● Aim of the exercise:
Go over the data and copy out each line with "Npos" in it.

[Stored items]
(* Let $\lambda\in\mathbb N$ and $N=n+m$ with $n,m\in\mathbb N$. Then $$S_N(\lambda)=(-1)^{\lambda\frac{N(N-1)}{2}}\sum_{\substack{I_{kl}=-\lambda\\ 1\le k<l\le N}}^{\lambda}(-1)^{\sum_{k<l}I_{kl}}\prod_{1\le k<l\le N}\binom{2\lambda}{\lambda+I_{kl}}\prod_{k=1}^N\frac{1}{1+(N-1)\lambda+\sum_{l\ne k}I_{kl}},$$ $$S_{n,m}(\lambda)=(-1)^{\lambda(n(n-1)+m(m-1))/2}\sum_{\substack{I_{kl}=-\lambda\\ 1\le k<l\le N}}^{\lambda}(-1)^{\sum_{k<l}s_{kl}I_{kl}}\prod_{1\le k<l\le N}\binom{2\lambda}{\lambda+I_{kl}}\prod_{k=1}^N\frac{1}{1+(N-1)\lambda+\sum_{l\ne k}I_{kl}}.$$
   Context: Define $$S_N(\lambda)=\int_{[0,1]^N}\prod_{1\le k<l\le N}|y_k-y_l|^{2\lambda}\,dy,$$ $$S_{n,m}(\lambda)=\int_{[0,1]^N}\prod_{1\le k<l\le n}|y_k-y_l|^{2\lambda}\prod_{\substack{k=1,\dots,n\\ l=n+1,\dots,N}}|y_k+y_l|^{2\lambda}\prod_{n+1\le k<l\le N}|y_k-y_l|^{2\lambda}\,dy.$$ The sums run over all families of integers $I_{kl}\in\{-\lambda,\dots,\lambda\}$, one for each pair $1\le k<l\le N$, and $I_{kl}:=-I_{lk}$ for $k>l$. For $k<l$, $s_{kl}=1$ if the factor for the pair $(k,l)$ in the integrand of $S_{n,m}$ is $|y_k-y_l|^{2\lambda}$ (i.e. $k,l$ both in $\{1,\dots,n\}$ or both in $\{n+1,\dots,N\}$), and $s_{kl}=0$ if it is $|y_k+y_l|^{2\lambda}$. *)

theory Defs
  imports "HOL-Analysis.Analysis"
begin
(* Let $m,n\ge 1$ and let $k>0$ and $l$ be fixed integers. Let $P,Q$ be constant $n\times n$ complex matrices, let $\mathfrak{R}(P)$ be a finite set of distinct invertible constant $n\times n$ matrices $\Lambda$ with $-(\Lambda^{k}+\Lambda^{k-l})=P$, and let $\mathfrak{R}(Q)$ be a finite set of distinct invertible constant $n\times n$ matrices $\tilde\Lambda$ with $-(\tilde\Lambda^{k}+\tilde\Lambda^{k-l})=Q$. For each $\Lambda\in\mathfrak{R}(P)$ let $A_\Lambda$ be a constant $m\times n$ matrix, for each $\tilde\Lambda\in\mathfrak{R}(Q)$ let $B_{\tilde\Lambda}$ be a constant $n\times m$ matrix, and for each pair let $X_{\tilde\Lambda,\Lambda}$ be a constant $n\times n$ matrix satisfying the Stein equation $\tilde\Lambda^{-l}X_{\tilde\Lambda,\Lambda}\Lambda^{l}-X_{\tilde\Lambda,\Lambda}=B_{\tilde\Lambda}A_\Lambda$. Let $\tilde\omega$ be a constant $n\times n$ matrix and set $\gamma_1=\tilde\omega P-Q\tilde\omega$. Define, for $t\in\mathbb{C}$ (or $\mathbb{R}$) and $j\in\mathbb{Z}$, $$\theta=\sum_{\Lambda\in\mathfrak{R}(P)}A_\Lambda e^{\Lambda^l t}\Lambda^j,\qquad \eta=\sum_{\tilde\Lambda\in\mathfrak{R}(Q)}e^{-\tilde\Lambda^l t}\tilde\Lambda^{-j}B_{\tilde\Lambda},$$ $$\tilde\Omega=\sum_{\Lambda\in\mathfrak{R}(P),\,\tilde\Lambda\in\mathfrak{R}(Q)}e^{-\tilde\Lambda^l t}\tilde\Lambda^{-j}X_{\tilde\Lambda,\Lambda}e^{\Lambda^l t}\Lambda^j+\tilde\omega,$$ and assume $\tilde\Omega$ is invertible. Let $g_0$ be a constant invertible $m\times m$ matrix. Then $$g=(I-\theta\,\tilde\Omega_{(l)}^{-1}\eta)\,g_0,\qquad \hat q=\theta\,\tilde\Omega_{(l)}^{-1}\gamma_1,\qquad \tilde r=\tilde\Omega^{-1}\eta$$ solve the system $$(g\,g_{(k)}^{-1})_t+(g\,g_{(l)}^{-1})_{(k-l)}-g\,g_{(l)}^{-1}=-(\hat q\,\tilde r_{(k)})_t,\qquad \hat q_t=g\,g_{(l)}^{-1}\hat q_{(l)},\qquad \tilde r_t=-(\tilde r\,g)_{(-l)}\,g^{-1}$$ (wherever the expressions are defined, in particular where $g$ is invertible).
   Context: All dependent variables are matrix-valued functions of a continuous variable $t$ and a discrete variable $j\in\mathbb{Z}$; subscript $t$ denotes the derivative with respect to $t$, and for an integer $s$, $f_{(s)}(t,j)=f(t,j+s)$ denotes the shifted function. $I$ denotes the identity matrix. The displayed system is a self-consistent source extension of the reduced equation $(g g_{(k)}^{-1})_t=g g_{(l)}^{-1}-(g g_{(l)}^{-1})_{(k-l)}$, which via $V=g\,g_{(1)}^{-1}$ gives the generalized Volterra lattice equations. *)

theory Defs
  imports "HOL-Analysis.Analysis"
begin

definition mpow :: "complex^'n^'n \<Rightarrow> nat \<Rightarrow> complex^'n^'n" where
  "mpow A k = (((**) A) ^^ k) (mat 1)"

definition mpowi :: "complex^'n^'n \<Rightarrow> int \<Rightarrow> complex^'n^'n" where
  "mpowi A j = (if 0 \<le> j then mpow A (nat j) else mpow (matrix_inv A) (nat (- j)))"

definition mexp :: "complex^'n^'n \<Rightarrow> complex^'n^'n" where
  "mexp A = (\<Sum>k. (1 / fact k) *\<^sub>R mpow A k)"

end

theory Submission
  imports Defs
begin

text \<open>The proof is by dressing. The functions \<open>\<theta>\<close> and \<open>\<eta>\<close> are superpositions of plane waves,
  so \<open>\<theta>_t = \<theta>_(l)\<close> and \<open>\<eta>_t = -\<eta>_(-l)\<close>, and since each \<open>\<Lambda>\<close> is a root of \<open>P\<close>,
  multiplication by \<open>P\<close> (and likewise by \<open>Q\<close>) acts as a combination of shifts. The Stein
  equation makes \<open>\<Omega>\<close> a potential for \<open>\<eta>\<theta>\<close>: \<open>\<Omega>_(l) = \<Omega> + \<eta>\<theta>\<close> and \<open>\<Omega>_t = \<eta>_(-l) \<theta>\<close>.
  From these relations alone the rest is matrix algebra. The Sherman--Morrison--Woodbury
  identity gives \<open>g\<^sup>-\<^sup>1 = g\<^sub>0\<^sup>-\<^sup>1 (I + \<theta> \<Omega>\<^sup>-\<^sup>1 \<eta>)\<close>, so \<open>g\<close> is always invertible. With
  \<open>F = \<theta> \<Omega>_(l)\<^sup>-\<^sup>1 \<eta>_(l)\<close> one finds \<open>g g_(k)\<^sup>-\<^sup>1 = I + F - F_(k-l) - q r_(k)\<close> and
  \<open>F_t = g g_(l)\<^sup>-\<^sup>1 - I\<close>, which is the first equation.\<close>

lemma matrix_add_rdistrib: "(A + B) ** C = A ** C + B ** (C::'a::semiring_1^_^_)"
  by (vector matrix_matrix_mult_def sum.distrib[symmetric] field_simps)

lemma matrix_diff_ldistrib: "(A::'a::ring_1^_^_) ** (B - C) = A ** B - A ** C"
  by (vector matrix_matrix_mult_def sum_subtractf[symmetric] field_simps)

lemma matrix_diff_rdistrib: "((A::'a::ring_1^_^_) - B) ** C = A ** C - B ** C"
  by (vector matrix_matrix_mult_def sum_subtractf[symmetric] field_simps)

lemma matrix_minus_left: "(- (A::'a::ring_1^_^_)) ** B = - (A ** B)"
  by (vector matrix_matrix_mult_def sum_negf[symmetric])
(* Assume that the subquiver $Q^d$ is connected and is not the quiver with one vertex and no arrows. Let $\chi\in M^+_{\mathbb{R}}$ with $r(\chi)=r>\frac12$, and let $\lambda$ be the antidominant cocharacter of $SG(d)$ with $\chi\in F_r(\lambda)^{\mathrm{int}}$. Let $I$ be a non-empty sub-multiset of $\{\beta\in\mathcal{W}:\langle\lambda,\beta\rangle<0\}$ and let $\sigma_I$ be the sum of its elements. Then $\chi-\sigma_I\in r\mathbb{W}$. If $\chi-\sigma_I$ lies on $F_r(\mu)^{\mathrm{int}}$ for a cocharacter $\mu$, then $\mu<\lambda$. In particular, \[(r,p)(\chi-\sigma_I)<(r,p)(\chi).\]
   Context: Let $Q=(I,E)$ be a symmetric quiver (for all $i,j$ the number of arrows $i\to j$ equals the number $j\to i$), with source and target maps $s,t$. Fix $d\in\mathbb{N}^I$; $Q^d$ is the subquiver on vertices $i$ with $d_i\neq0$. Let $R(d)=\bigoplus_{a\in E}\mathrm{Hom}(\mathbb{C}^{d_{s(a)}},\mathbb{C}^{d_{t(a)}})$, $G(d)=\prod_i GL(d_i)$ acting by conjugation. Let $M=\bigoplus_{i\in I,1\le j\le d_i}\mathbb{Z}\beta^i_j$ be the weight lattice of the diagonal torus, $M_{\mathbb{R}}=M\otimes\mathbb{R}$, $N$ the dual lattice, $\langle\,,\rangle$ the pairing. Positive roots: $\beta^i_a-\beta^i_b$, $a<b$; $M^+_{\mathbb{R}}$ is the set of dominant real weights $\sum x^i_j\beta^i_j$ with $x^i_1\ge\cdots\ge x^i_{d_i}$. A cocharacter of $SG(d)$ means $\lambda\in N$ with $\langle\lambda,\sum_{i,j}\beta^i_j\rangle=0$; antidominant means $\lambda^i_1\le\cdots\le\lambda^i_{d_i}$ for all $i$. Let $\mathcal{W}$ be the multiset of torus weights of $R(d)$ (for each arrow $a:i\to j$ and $x\le d_i$, $y\le d_j$, the weight $\beta^j_y-\beta^i_x$). Let $\tau_d=(\sum_{i,j}\beta^i_j)/(\sum_i d_i)$ and $\mathbb{W}=\sum_{\beta\in\mathcal{W}}[0,\beta]+\mathbb{R}\tau_d$ (Minkowski sum). For $\chi\in M_{\mathbb{R}}$, $r(\chi)$ is the smallest $r\ge0$ with $\chi\in r\mathbb{W}$; if $r(\chi)=r$, writing $\chi=\sum_{\beta\in\mathcal{W}}c_\beta\beta+c\tau_d$ with $c\in\mathbb{R}$, $-r\le c_\beta\le0$, the $p$-invariant $p(\chi)$ is the smallest number of coefficients $c_\beta$ equal to $-r$ in such an expression; $(r,p)(\chi)=(r(\chi),p(\chi))$, and pairs are compared lexicographically. Set $N^{\lambda>0}:=\sum_{\beta\in\mathcal{W},\,\langle\lambda,\beta\rangle>0}\beta$; $F_r(\lambda)=\{\psi\in r\mathbb{W}:\langle\lambda,\psi\rangle+r\langle\lambda,N^{\lambda>0}\rangle=0\}$. Write $\mu\ge\lambda$ if every $\beta\in\mathcal{W}$ with $\langle\lambda,\beta\rangle>0$ satisfies $\langle\mu,\beta\rangle>0$; $\mu>\lambda$ (equivalently $\lambda<\mu$) if $\mu\ge\lambda$ but not $\lambda\ge\mu$. Let $F_r(\lambda)^{\mathrm{int}}:=F_r(\lambda)\setminus\bigcup_{\mu>\lambda}F_r(\mu)$. *)

theory Defs
  imports Complex_Main
begin

text \<open>The weight lattice M (resp. M_R) is modelled by functions on the index set
  idx I d = {(i,j). i in I, 1 <= j <= d i} (basis vectors beta^i_j); cocharacters
  (elements of N) are integer-valued functions; the pairing is the sum over idx.
  The multiset of weights of R(d) is indexed by labels (a,x,y) with weight
  beta^{t a}_y - beta^{s a}_x.\<close>

definition idx :: "'v set \<Rightarrow> ('v \<Rightarrow> nat) \<Rightarrow> ('v \<times> nat) set" where
  "idx I d = {(i,j). i \<in> I \<and> 1 \<le> j \<and> j \<le> d i}"

definition labels :: "'e set \<Rightarrow> ('e \<Rightarrow> 'v) \<Rightarrow> ('e \<Rightarrow> 'v) \<Rightarrow> ('v \<Rightarrow> nat) \<Rightarrow> ('e \<times> nat \<times> nat) set" where
  "labels E s t d = {(a,x,y). a \<in> E \<and> 1 \<le> x \<and> x \<le> d (s a) \<and> 1 \<le> y \<and> y \<le> d (t a)}"

definition wt :: "('e \<Rightarrow> 'v) \<Rightarrow> ('e \<Rightarrow> 'v) \<Rightarrow> 'e \<times> nat \<times> nat \<Rightarrow> ('v \<times> nat \<Rightarrow> real)" where
  "wt s t l = (case l of (a,x,y) \<Rightarrow>
     (\<lambda>k. (if k = (t a, y) then 1 else 0) - (if k = (s a, x) then 1 else 0)))"

definition tau :: "'v set \<Rightarrow> ('v \<Rightarrow> nat) \<Rightarrow> ('v \<times> nat \<Rightarrow> real)" where
  "tau I d = (\<lambda>k. if k \<in> idx I d then 1 / real (\<Sum>i\<in>I. d i) else 0)"

definition pair :: "'v set \<Rightarrow> ('v \<Rightarrow> nat) \<Rightarrow> ('v \<times> nat \<Rightarrow> int) \<Rightarrow> ('v \<times> nat \<Rightarrow> real) \<Rightarrow> real" where
  "pair I d lam chi = (\<Sum>k\<in>idx I d. real_of_int (lam k) * chi k)"

definition rW :: "'v set \<Rightarrow> 'e set \<Rightarrow> ('e \<Rightarrow> 'v) \<Rightarrow> ('e \<Rightarrow> 'v) \<Rightarrow> ('v \<Rightarrow> nat) \<Rightarrow> real
    \<Rightarrow> ('v \<times> nat \<Rightarrow> real) set" where
  "rW I E s t d r = {(\<lambda>k. (\<Sum>l\<in>labels E s t d. c l * wt s t l k) + cc * tau I d k) | c cc.
       \<forall>l\<in>labels E s t d. 0 \<le> c l \<and> c l \<le> r}"

definition r_inv :: "'v set \<Rightarrow> 'e set \<Rightarrow> ('e \<Rightarrow> 'v) \<Rightarrow> ('e \<Rightarrow> 'v) \<Rightarrow> ('v \<Rightarrow> nat)
    \<Rightarrow> ('v \<times> nat \<Rightarrow> real) \<Rightarrow> real" where
  "r_inv I E s t d chi = (LEAST r::real. 0 \<le> r \<and> chi \<in> rW I E s t d r)"

definition p_inv :: "'v set \<Rightarrow> 'e set \<Rightarrow> ('e \<Rightarrow> 'v) \<Rightarrow> ('e \<Rightarrow> 'v) \<Rightarrow> ('v \<Rightarrow> nat)
    \<Rightarrow> ('v \<times> nat \<Rightarrow> real) \<Rightarrow> nat" where
  "p_inv I E s t d chi = (let r = r_inv I E s t d chi in
     (LEAST n::nat. \<exists>c cc. (\<forall>l\<in>labels E s t d. - r \<le> c l \<and> c l \<le> 0) \<and>
        chi = (\<lambda>k. (\<Sum>l\<in>labels E s t d. c l * wt s t l k) + cc * tau I d k) \<and>
        card {l\<in>labels E s t d. c l = - r} = n))"

definition rp_less :: "real \<times> nat \<Rightarrow> real \<times> nat \<Rightarrow> bool" where
  "rp_less a b \<longleftrightarrow> fst a < fst b \<or> (fst a = fst b \<and> snd a < snd b)"

definition Npos :: "'v set \<Rightarrow> 'e set \<Rightarrow> ('e \<Rightarrow> 'v) \<Rightarrow> ('e \<Rightarrow> 'v) \<Rightarrow> ('v \<Rightarrow> nat)
    \<Rightarrow> ('v \<times> nat \<Rightarrow> int) \<Rightarrow> ('v \<times> nat \<Rightarrow> real)" where
  "Npos I E s t d lam = (\<lambda>k. \<Sum>l\<in>{l\<in>labels E s t d. pair I d lam (wt s t l) > 0}. wt s t l k)"

definition Fr :: "'v set \<Rightarrow> 'e set \<Rightarrow> ('e \<Rightarrow> 'v) \<Rightarrow> ('e \<Rightarrow> 'v) \<Rightarrow> ('v \<Rightarrow> nat) \<Rightarrow> real
    \<Rightarrow> ('v \<times> nat \<Rightarrow> int) \<Rightarrow> ('v \<times> nat \<Rightarrow> real) set" where
  "Fr I E s t d r lam = {psi \<in> rW I E s t d r.
      pair I d lam psi + r * pair I d lam (Npos I E s t d lam) = 0}"

definition cocha_geq :: "'v set \<Rightarrow> 'e set \<Rightarrow> ('e \<Rightarrow> 'v) \<Rightarrow> ('e \<Rightarrow> 'v) \<Rightarrow> ('v \<Rightarrow> nat)
    \<Rightarrow> ('v \<times> nat \<Rightarrow> int) \<Rightarrow> ('v \<times> nat \<Rightarrow> int) \<Rightarrow> bool" where
  "cocha_geq I E s t d mu lam \<longleftrightarrow>
     (\<forall>l\<in>labels E s t d. pair I d lam (wt s t l) > 0 \<longrightarrow> pair I d mu (wt s t l) > 0)"

definition cocha_gt :: "'v set \<Rightarrow> 'e set \<Rightarrow> ('e \<Rightarrow> 'v) \<Rightarrow> ('e \<Rightarrow> 'v) \<Rightarrow> ('v \<Rightarrow> nat)
    \<Rightarrow> ('v \<times> nat \<Rightarrow> int) \<Rightarrow> ('v \<times> nat \<Rightarrow> int) \<Rightarrow> bool" where
  "cocha_gt I E s t d mu lam \<longleftrightarrow>
     cocha_geq I E s t d mu lam \<and> \<not> cocha_geq I E s t d lam mu"

definition cochar_SG :: "'v set \<Rightarrow> ('v \<Rightarrow> nat) \<Rightarrow> ('v \<times> nat \<Rightarrow> int) \<Rightarrow> bool" where
  "cochar_SG I d mu \<longleftrightarrow> (\<forall>k. k \<notin> idx I d \<longrightarrow> mu k = 0) \<and> (\<Sum>k\<in>idx I d. mu k) = 0"

definition antidominant :: "'v set \<Rightarrow> ('v \<Rightarrow> nat) \<Rightarrow> ('v \<times> nat \<Rightarrow> int) \<Rightarrow> bool" where
  "antidominant I d lam \<longleftrightarrow>
     (\<forall>i\<in>I. \<forall>j1 j2. 1 \<le> j1 \<longrightarrow> j1 \<le> j2 \<longrightarrow> j2 \<le> d i \<longrightarrow> lam (i,j1) \<le> lam (i,j2))"

definition dominant_weight :: "'v set \<Rightarrow> ('v \<Rightarrow> nat) \<Rightarrow> ('v \<times> nat \<Rightarrow> real) \<Rightarrow> bool" where
  "dominant_weight I d chi \<longleftrightarrow> (\<forall>k. k \<notin> idx I d \<longrightarrow> chi k = 0) \<and>
     (\<forall>i\<in>I. \<forall>j1 j2. 1 \<le> j1 \<longrightarrow> j1 \<le> j2 \<longrightarrow> j2 \<le> d i \<longrightarrow> chi (i,j2) \<le> chi (i,j1))"

definition Fr_int :: "'v set \<Rightarrow> 'e set \<Rightarrow> ('e \<Rightarrow> 'v) \<Rightarrow> ('e \<Rightarrow> 'v) \<Rightarrow> ('v \<Rightarrow> nat) \<Rightarrow> real
    \<Rightarrow> ('v \<times> nat \<Rightarrow> int) \<Rightarrow> ('v \<times> nat \<Rightarrow> real) set" where
  "Fr_int I E s t d r lam = Fr I E s t d r lam -
     (\<Union>mu\<in>{mu. cochar_SG I d mu \<and> cocha_gt I E s t d mu lam}. Fr I E s t d r mu)"

definition symmetric_quiver :: "'v set \<Rightarrow> 'e set \<Rightarrow> ('e \<Rightarrow> 'v) \<Rightarrow> ('e \<Rightarrow> 'v) \<Rightarrow> bool" where
  "symmetric_quiver I E s t \<longleftrightarrow> finite I \<and> finite E \<and> (\<forall>a\<in>E. s a \<in> I \<and> t a \<in> I) \<and>
     (\<forall>i j. card {a\<in>E. s a = i \<and> t a = j} = card {a\<in>E. s a = j \<and> t a = i})"

definition supp_vertices :: "'v set \<Rightarrow> ('v \<Rightarrow> nat) \<Rightarrow> 'v set" where
  "supp_vertices I d = {i\<in>I. d i \<noteq> 0}"

definition supp_arrows :: "'v set \<Rightarrow> 'e set \<Rightarrow> ('e \<Rightarrow> 'v) \<Rightarrow> ('e \<Rightarrow> 'v) \<Rightarrow> ('v \<Rightarrow> nat) \<Rightarrow> 'e set" where
  "supp_arrows I E s t d = {a\<in>E. s a \<in> supp_vertices I d \<and> t a \<in> supp_vertices I d}"

definition Qd_connected :: "'v set \<Rightarrow> 'e set \<Rightarrow> ('e \<Rightarrow> 'v) \<Rightarrow> ('e \<Rightarrow> 'v) \<Rightarrow> ('v \<Rightarrow> nat) \<Rightarrow> bool" where
  "Qd_connected I E s t d \<longleftrightarrow> supp_vertices I d \<noteq> {} \<and>
     (\<forall>i\<in>supp_vertices I d. \<forall>j\<in>supp_vertices I d.
        (\<lambda>u v. \<exists>a\<in>supp_arrows I E s t d. (s a = u \<and> t a = v) \<or> (s a = v \<and> t a = u))\<^sup>*\<^sup>* i j)"

definition Qd_trivial :: "'v set \<Rightarrow> 'e set \<Rightarrow> ('e \<Rightarrow> 'v) \<Rightarrow> ('e \<Rightarrow> 'v) \<Rightarrow> ('v \<Rightarrow> nat) \<Rightarrow> bool" where
  "Qd_trivial I E s t d \<longleftrightarrow> card (supp_vertices I d) = 1 \<and> supp_arrows I E s t d = {}"

end

theory Submission
  imports Defs "HOL-Analysis.Analysis"
begin

(*
  Reversing arrows gives a bijection rho of the weight multiset with beta (rho l) = - beta l, so
  r W is also the set of sums of c_beta beta + c tau_d with -r <= c_beta <= 0, and such a point
  lies on F_r(mu) exactly when c_beta = -r on the mu-positive and c_beta = 0 on the mu-negative
  weights. Write chi in this form with p(chi) coefficients equal to -r. Then c = 0 on I and
  c = -r on rho(I), and chi - sigma_I moves these coefficients to -1/2 and 1/2 - r: this stays
  admissible since r > 1/2 and has fewer coefficients -r, so (r,p) drops. If chi - sigma_I lies
  on F_r(mu), every mu-positive weight is lambda-positive, for a lambda-null one would put chi on
  F_r(K lambda + mu) with K large, a cocharacter > lambda; and mu >= lambda fails on rho(I),
  where the coefficient is 1/2 - r.
*)

locale finite_quiver =
  fixes I :: "'v set" and E :: "'e set" and s t :: "'e \<Rightarrow> 'v" and d :: "'v \<Rightarrow> nat"
  assumes finite_vertices: "finite I" and finite_arrows: "finite E"
    and arrow_ends: "a \<in> E \<Longrightarrow> s a \<in> I \<and> t a \<in> I"
begin

abbreviation "L \<equiv> labels E s t d"
abbreviation "X \<equiv> idx I d"
abbreviation "w \<equiv> wt s t"

definition wcomb :: "('e \<times> nat \<times> nat \<Rightarrow> real) \<Rightarrow> real \<Rightarrow> 'v \<times> nat \<Rightarrow> real" where
  "wcomb c cc = (\<lambda>k. (\<Sum>l\<in>L. c l * w l k) + cc * tau I d k)"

● Reply:
definition Npos :: "'v set \<Rightarrow> 'e set \<Rightarrow> ('e \<Rightarrow> 'v) \<Rightarrow> ('e \<Rightarrow> 'v) \<Rightarrow> ('v \<Rightarrow> nat)
  "Npos I E s t d lam = (\<lambda>k. \<Sum>l\<in>{l\<in>labels E s t d. pair I d lam (wt s t l) > 0}. wt s t l k)"
      pair I d lam psi + r * pair I d lam (Npos I E s t d lam) = 0}"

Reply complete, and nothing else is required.